Start of Study material

(* Let $B\colon\mathbf{Set}\to\mathbf{Set}$ be a functor, $\Lambda$ a finite set, and $(\tau_\lambda\colon B[0,1]\to[0,1])_{\lambda\in\Lambda}$ functions such that, for every set $Y$, whenever a sequence of functions $k_i\colon Y\to[0,1]$ converges uniformly to $l$, the sequence $\tau_\lambda\circ Bk_i$ converges uniformly to $\tau_\lambda\circ Bl$ for each $\lambda$. Let $X$ be a set and $S\subseteq\mathbf{Set}(X,[0,1])$ such that (i) $S$ contains the constant function $1$ and is closed under $k\mapsto1-k$, pointwise $\min(k,l)$, and $k\mapsto\max(k-q,0)$ for every $q\in\mathbb{Q}\cap[0,1]$; (ii) the pseudometric space $(X,d_S)$ with $d_S(x,y)=\sup_{k\in S}|k(x)-k(y)|$ is totally bounded. Then $S$ is approximating: for every nonexpansive map $h\colon(X,d_S)\to([0,1],d_e)$, every $\lambda\in\Lambda$ and all $z,w\in BX$, $\sup_{k\in S,\lambda'\in\Lambda}|\tau_{\lambda'}(Bk(z))-\tau_{\lambda'}(Bk(w))|\ge|\tau_\lambda(Bh(z))-\tau_\lambda(Bh(w))|$.
   Context: $d_e$ is the Euclidean metric on $[0,1]$. A pseudometric space $(X,d)$ is totally bounded if for every $\varepsilon>0$ there is a finite $F\subseteq X$ such that every $x\in X$ has some $y\in F$ with $d(x,y)<\varepsilon$. *)

theory Defs
  imports "HOL-Analysis.Analysis"
begin

definition dS :: "('x \<Rightarrow> real) set \<Rightarrow> 'x \<Rightarrow> 'x \<Rightarrow> real" where
  "dS S x y = (SUP k\<in>S. \<bar>k x - k y\<bar>)"

definition totally_bounded_pm :: "'x set \<Rightarrow> ('x \<Rightarrow> 'x \<Rightarrow> real) \<Rightarrow> bool" where
  "totally_bounded_pm X d \<longleftrightarrow>
     (\<forall>e>0. \<exists>F. finite F \<and> F \<subseteq> X \<and> (\<forall>x\<in>X. \<exists>y\<in>F. d x y < e))"

definition nonexpansive_pm :: "'x set \<Rightarrow> ('x \<Rightarrow> 'x \<Rightarrow> real) \<Rightarrow> ('x \<Rightarrow> real) \<Rightarrow> bool" where
  "nonexpansive_pm X d h \<longleftrightarrow> (\<forall>x\<in>X. \<forall>y\<in>X. \<bar>h x - h y\<bar> \<le> d x y)"

end

theory Submission
  imports Defs
begin

text \<open>
  This is a lattice version of the Stone--Weierstrass theorem. Truncations by rationals
  and complements let S match a nonexpansive h up to any error at any two given points;
  a finite net, which total boundedness supplies in place of compactness, turns finitely
  many such two-point approximants into a uniform approximant of h by a Max of Mins.
  Hence h is a uniform limit of members of S, the continuity hypothesis on the \<tau>s carries
  this over to B X, and the inequality follows in the limit.
\<close>

lemma Rats_dense_in_interval:
  fixes e t a b :: real
  assumes "e > 0" "a \<le> t" "t \<le> b" "a \<in> \<rat>" "b \<in> \<rat>"
  obtains r where "r \<in> \<rat>" "a \<le> r" "r \<le> b" "\<bar>r - t\<bar> < e"
proof -
  obtain r0 where r0: "r0 \<in> \<rat>" "t - e < r0" "r0 < t + e"
    using Rats_dense_in_real[of "t - e" "t + e"] assms by auto
  have "max a (min b r0) \<in> \<rat>"
    using r0 assms by (auto simp: max_def min_def)
  moreover have "a \<le> max a (min b r0)" "max a (min b r0) \<le> b" "\<bar>max a (min b r0) - t\<bar> < e"
    using r0 assms by (auto simp: max_def min_def)
  ultimately show thesis by (rule that)
qed

lemma uniform_limit_of_approximants:
  fixes h :: "'a \<Rightarrow> real"
  assumes "\<And>e. e > 0 \<Longrightarrow> \<exists>g\<in>S. \<forall>x\<in>X. \<bar>g x - h x\<bar> \<le> e"
  obtains g where "\<And>n. g n \<in> S" "uniform_limit X g h sequentially"
proof -
  have "\<forall>n. \<exists>g\<in>S. \<forall>x\<in>X. \<bar>g x - h x\<bar> \<le> inverse (real (Suc n))"
    using assms by simp
  then obtain g where g: "\<And>n. g n \<in> S" "\<And>n x. x \<in> X \<Longrightarrow> \<bar>g n x - h x\<bar> \<le> inverse (real (Suc n))"
    by metis
  have "uniform_limit X g h sequentially"
    unfolding uniform_limit_sequentially_iff
  proof (intro allI impI)
    fix e :: real
    assume "e > 0"
    then obtain N where N: "inverse (real (Suc N)) < e"
      using reals_Archimedean by blast
    have "dist (g n x) (h x) < e" if "n \<ge> N" "x \<in> X" for n x
    proof -
      have "inverse (real (Suc n)) \<le> inverse (real (Suc N))"
        using \<open>n \<ge> N\<close> by (simp add: le_imp_inverse_le)
      then show ?thesis
        using g(2)[OF \<open>x \<in> X\<close>, of n] N unfolding dist_real_def by linarith
    qed
    then show "\<exists>N. \<forall>n\<ge>N. \<forall>x\<in>X. dist (g n x) (h x) < e"
      by blast
  qed
  with g(1) show thesis by (rule that)
qed

lemma limit_le_cSUP:
  fixes f :: "'a \<Rightarrow> real"
  assumes "bdd_above (f ` A)" "\<And>n. a n \<in> A" "(\<lambda>n. f (a n)) \<longlonglongrightarrow> L"
  shows "L \<le> (SUP x\<in>A. f x)"
proof (rule LIMSEQ_le_const2[OF assms(3)])
  show "\<exists>N. \<forall>n\<ge>N. f (a n) \<le> (SUP x\<in>A. f x)"
    using cSUP_upper[OF assms(2,1)] by blast
qed

lemma bdd_above_abs_diff_unit:
  fixes f g :: "'a \<Rightarrow> real"
  assumes "\<And>p. p \<in> A \<Longrightarrow> f p \<in> {0..1}" "\<And>p. p \<in> A \<Longrightarrow> g p \<in> {0..1}"
  shows "bdd_above ((\<lambda>p. \<bar>f p - g p\<bar>) ` A)"
proof (rule bdd_aboveI2)
  fix p
  assume "p \<in> A"
  with assms show "\<bar>f p - g p\<bar> \<le> 1"
    by fastforce
qed

lemma nonexpansive_pmD: "nonexpansive_pm X d h \<Longrightarrow> x \<in> X \<Longrightarrow> y \<in> X \<Longrightarrow> \<bar>h x - h y\<bar> \<le> d x y"
  unfolding nonexpansive_pm_def by blast

lemma dS_commute: "dS S x y = dS S y x"
  unfolding dS_def by (simp add: abs_minus_commute)

locale unit_lattice =
  fixes X :: "'x set" and S :: "('x \<Rightarrow> real) set"
  assumes S_sub: "S \<subseteq> X \<rightarrow>\<^sub>E {0..1}"
    and S_one: "restrict (\<lambda>x. 1) X \<in> S"
    and S_compl: "\<And>k. k \<in> S \<Longrightarrow> restrict (\<lambda>x. 1 - k x) X \<in> S"
    and S_min: "\<And>k l. k \<in> S \<Longrightarrow> l \<in> S \<Longrightarrow> restrict (\<lambda>x. min (k x) (l x)) X \<in> S"
    and S_trunc: "\<And>k q. k \<in> S \<Longrightarrow> q \<in> \<rat> \<Longrightarrow> 0 \<le> q \<Longrightarrow> q \<le> 1 \<Longrightarrow>
        restrict (\<lambda>x. max (k x - q) 0) X \<in> S"
begin

lemma mem_unit_interval: "k \<in> S \<Longrightarrow> x \<in> X \<Longrightarrow> 0 \<le> k x \<and> k x \<le> 1"
  using S_sub by (force simp: PiE_iff)

lemma restrict_mem_cong:
  assumes "k \<in> S" "\<And>x. x \<in> X \<Longrightarrow> k x = l x"
  shows "restrict l X \<in> S"
proof -
  have "k = restrict l X"
    using assms S_sub by (auto simp: PiE_iff extensional_def fun_eq_iff)
  with assms(1) show ?thesis by simp
qed

lemma const_mem:
  assumes "q \<in> \<rat>" "0 \<le> q" "q \<le> 1"
  shows "restrict (\<lambda>x. q) X \<in> S"
  by (rule restrict_mem_cong[OF S_trunc[OF S_one, of "1 - q"]]) (use assms in auto)

lemma max_mem:
  assumes "k \<in> S" "l \<in> S"
  shows "restrict (\<lambda>x. max (k x) (l x)) X \<in> S"
  by (rule restrict_mem_cong[OF S_compl[OF S_min[OF S_compl[OF assms(1)] S_compl[OF assms(2)]]]])
    (auto simp: min_def max_def)

lemma clamp_shift_mem:
  assumes "k \<in> S" "r \<in> \<rat>" "\<bar>r\<bar> \<le> 1"
  shows "restrict (\<lambda>x. max 0 (min 1 (k x + r))) X \<in> S"
proof (cases "r \<ge> 0")
  case True
  show ?thesis
    by (rule restrict_mem_cong[OF S_compl[OF S_trunc[OF S_compl[OF assms(1)], of r]]])
      (use assms True in \<open>auto simp: min_def max_def dest!: mem_unit_interval[OF assms(1)]\<close>)
next
  case False
  show ?thesis
    by (rule restrict_mem_cong[OF S_trunc[OF assms(1), of "- r"]])
      (use assms False in \<open>auto simp: min_def max_def dest!: mem_unit_interval[OF assms(1)]\<close>)
qed

lemma Min_mem:
  assumes "finite F" "F \<noteq> {}" "\<And>y. y \<in> F \<Longrightarrow> g y \<in> S"
  shows "restrict (\<lambda>x. Min ((\<lambda>y. g y x) ` F)) X \<in> S"
  using assms
proof (induction F rule: finite_ne_induct)
  case (singleton y)
  then show ?case by (intro restrict_mem_cong[of "g y"]) auto
next
  case (insert a F)
  show ?case
    by (rule restrict_mem_cong[OF S_min[OF _ insert.IH]]) (use insert in auto)
qed

lemma Max_mem:
  assumes "finite F" "F \<noteq> {}" "\<And>y. y \<in> F \<Longrightarrow> g y \<in> S"
  shows "restrict (\<lambda>x. Max ((\<lambda>y. g y x) ` F)) X \<in> S"
  using assms
proof (induction F rule: finite_ne_induct)
  case (singleton y)
  then show ?case by (intro restrict_mem_cong[of "g y"]) auto
next
  case (insert a F)
  show ?case
    by (rule restrict_mem_cong[OF max_mem[OF _ insert.IH]]) (use insert in auto)
qed

lemma bdd_above_dist: "x \<in> X \<Longrightarrow> y \<in> X \<Longrightarrow> bdd_above ((\<lambda>k. \<bar>k x - k y\<bar>) ` S)"
  by (rule bdd_above_abs_diff_unit) (auto dest: mem_unit_interval)

lemma abs_le_dS: "k \<in> S \<Longrightarrow> x \<in> X \<Longrightarrow> y \<in> X \<Longrightarrow> \<bar>k x - k y\<bar> \<le> dS S x y"
  unfolding dS_def by (rule cSUP_upper[OF _ bdd_above_dist])

lemma exists_close_to_dS:
  assumes "x \<in> X" "y \<in> X" "e > 0"
  obtains k where "k \<in> S" "dS S x y - e < \<bar>k x - k y\<bar>"
proof -
  have "S \<noteq> {}"
    using S_one by blast
  moreover have "dS S x y - e < (SUP k\<in>S. \<bar>k x - k y\<bar>)"
    using assms unfolding dS_def by simp
  ultimately have "\<exists>k\<in>S. dS S x y - e < \<bar>k x - k y\<bar>"
    by (simp add: less_cSUP_iff[OF _ bdd_above_dist[OF assms(1,2)]])
  with that show thesis
    by blast
qed

lemma two_point_approx_ordered:
  assumes ne: "nonexpansive_pm X (dS S) h" and hX: "h \<in> X \<rightarrow>\<^sub>E {0..1}"
    and xy: "x \<in> X" "y \<in> X" and h_le: "h y \<le> h x" and e: "e > 0"
  obtains g where "g \<in> S" "\<bar>g x - h x\<bar> \<le> 2 * e" "\<bar>g y - h y\<bar> \<le> 2 * e"
proof -
  have h01: "0 \<le> h x" "h x \<le> 1" "0 \<le> h y" "h y \<le> 1"
    using hX xy by (auto simp: PiE_iff)
  have d: "h x - h y \<le> dS S x y"
    using nonexpansive_pmD[OF ne xy] by linarith
  obtain k0 where k0: "k0 \<in> S" "dS S x y - e < \<bar>k0 x - k0 y\<bar>"
    using exists_close_to_dS[OF xy e] .
  obtain k where k: "k \<in> S" "h x - h y - e < k x - k y"
  proof (cases "k0 y \<le> k0 x")
    case True
    show ?thesis
      by (rule that[of k0]) (use True k0 d in auto)
  next
    case False
    show ?thesis
      by (rule that[OF S_compl[OF k0(1)]]) (use False k0(2) d xy in auto)
  qed
  have k01: "0 \<le> k x" "k x \<le> 1" "0 \<le> k y" "k y \<le> 1"
    using mem_unit_interval k(1) xy by auto
  obtain r where r: "r \<in> \<rat>" "-1 \<le> r" "r \<le> 1" "\<bar>r - (h y - k y)\<bar> < e"
    by (rule Rats_dense_in_interval[OF e, of "-1" "h y - k y" 1]) (use h01 k01 in auto)
  obtain c where c: "c \<in> \<rat>" "0 \<le> c" "c \<le> 1" "\<bar>c - h x\<bar> < e"
    by (rule Rats_dense_in_interval[OF e, of 0 "h x" 1]) (use h01 in auto)
  text \<open>Shifting by r puts k at height h y at y; as k rises by almost h x - h y from y to x,
    capping at c then gives height h x at x.\<close>
  define g where "g = restrict (\<lambda>t. min c (max 0 (min 1 (k t + r)))) X"
  have "g \<in> S"
    unfolding g_def
    by (rule restrict_mem_cong[OF S_min[OF const_mem[OF c(1-3)] clamp_shift_mem[OF k(1) r(1)]]])
      (use r in auto)
  moreover have "\<bar>g x - h x\<bar> \<le> 2 * e"
  proof -
    have "\<bar>min c (max 0 (min 1 (k x + r))) - h x\<bar> \<le> 2 * e"
      using c r k(2) k01 h01 h_le unfolding min_def max_def abs_if by (smt (verit))
    with xy show ?thesis by (simp only: g_def restrict_apply')
  qed
  moreover have "\<bar>g y - h y\<bar> \<le> 2 * e"
  proof -
    have "\<bar>min c (max 0 (min 1 (k y + r))) - h y\<bar> \<le> 2 * e"
      using c r k(2) k01 h01 h_le unfolding min_def max_def abs_if by (smt (verit))
    with xy show ?thesis by (simp only: g_def restrict_apply')
  qed
  ultimately show thesis by (rule that)
qed

lemma two_point_approx:
  assumes "nonexpansive_pm X (dS S) h" "h \<in> X \<rightarrow>\<^sub>E {0..1}" "x \<in> X" "y \<in> X" "e > 0"
  obtains g where "g \<in> S" "\<bar>g x - h x\<bar> \<le> e" "\<bar>g y - h y\<bar> \<le> e"
proof -
  have "e / 2 > 0"
    using assms(5) by simp
  consider "h y \<le> h x" | "h x \<le> h y"
    by linarith
  then obtain g where "g \<in> S" "\<bar>g x - h x\<bar> \<le> 2 * (e / 2)" "\<bar>g y - h y\<bar> \<le> 2 * (e / 2)"
  proof cases
    case 1
    from two_point_approx_ordered[OF assms(1-4) 1 \<open>e / 2 > 0\<close>] that show thesis .
  next
    case 2
    from two_point_approx_ordered[OF assms(1,2,4,3) 2 \<open>e / 2 > 0\<close>] that show thesis by blast
  qed
  then show thesis
    by (intro that) auto
qed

End of Study material

Task prompt
Each line of the data in which the string "True" appears needs to be copied.

Result of this exercise
  case True
      (use assms True in \<open>auto simp: min_def max_def dest!: mem_unit_interval[OF assms(1)]\<close>)
    case True
      by (rule that[of k0]) (use True k0 d in auto)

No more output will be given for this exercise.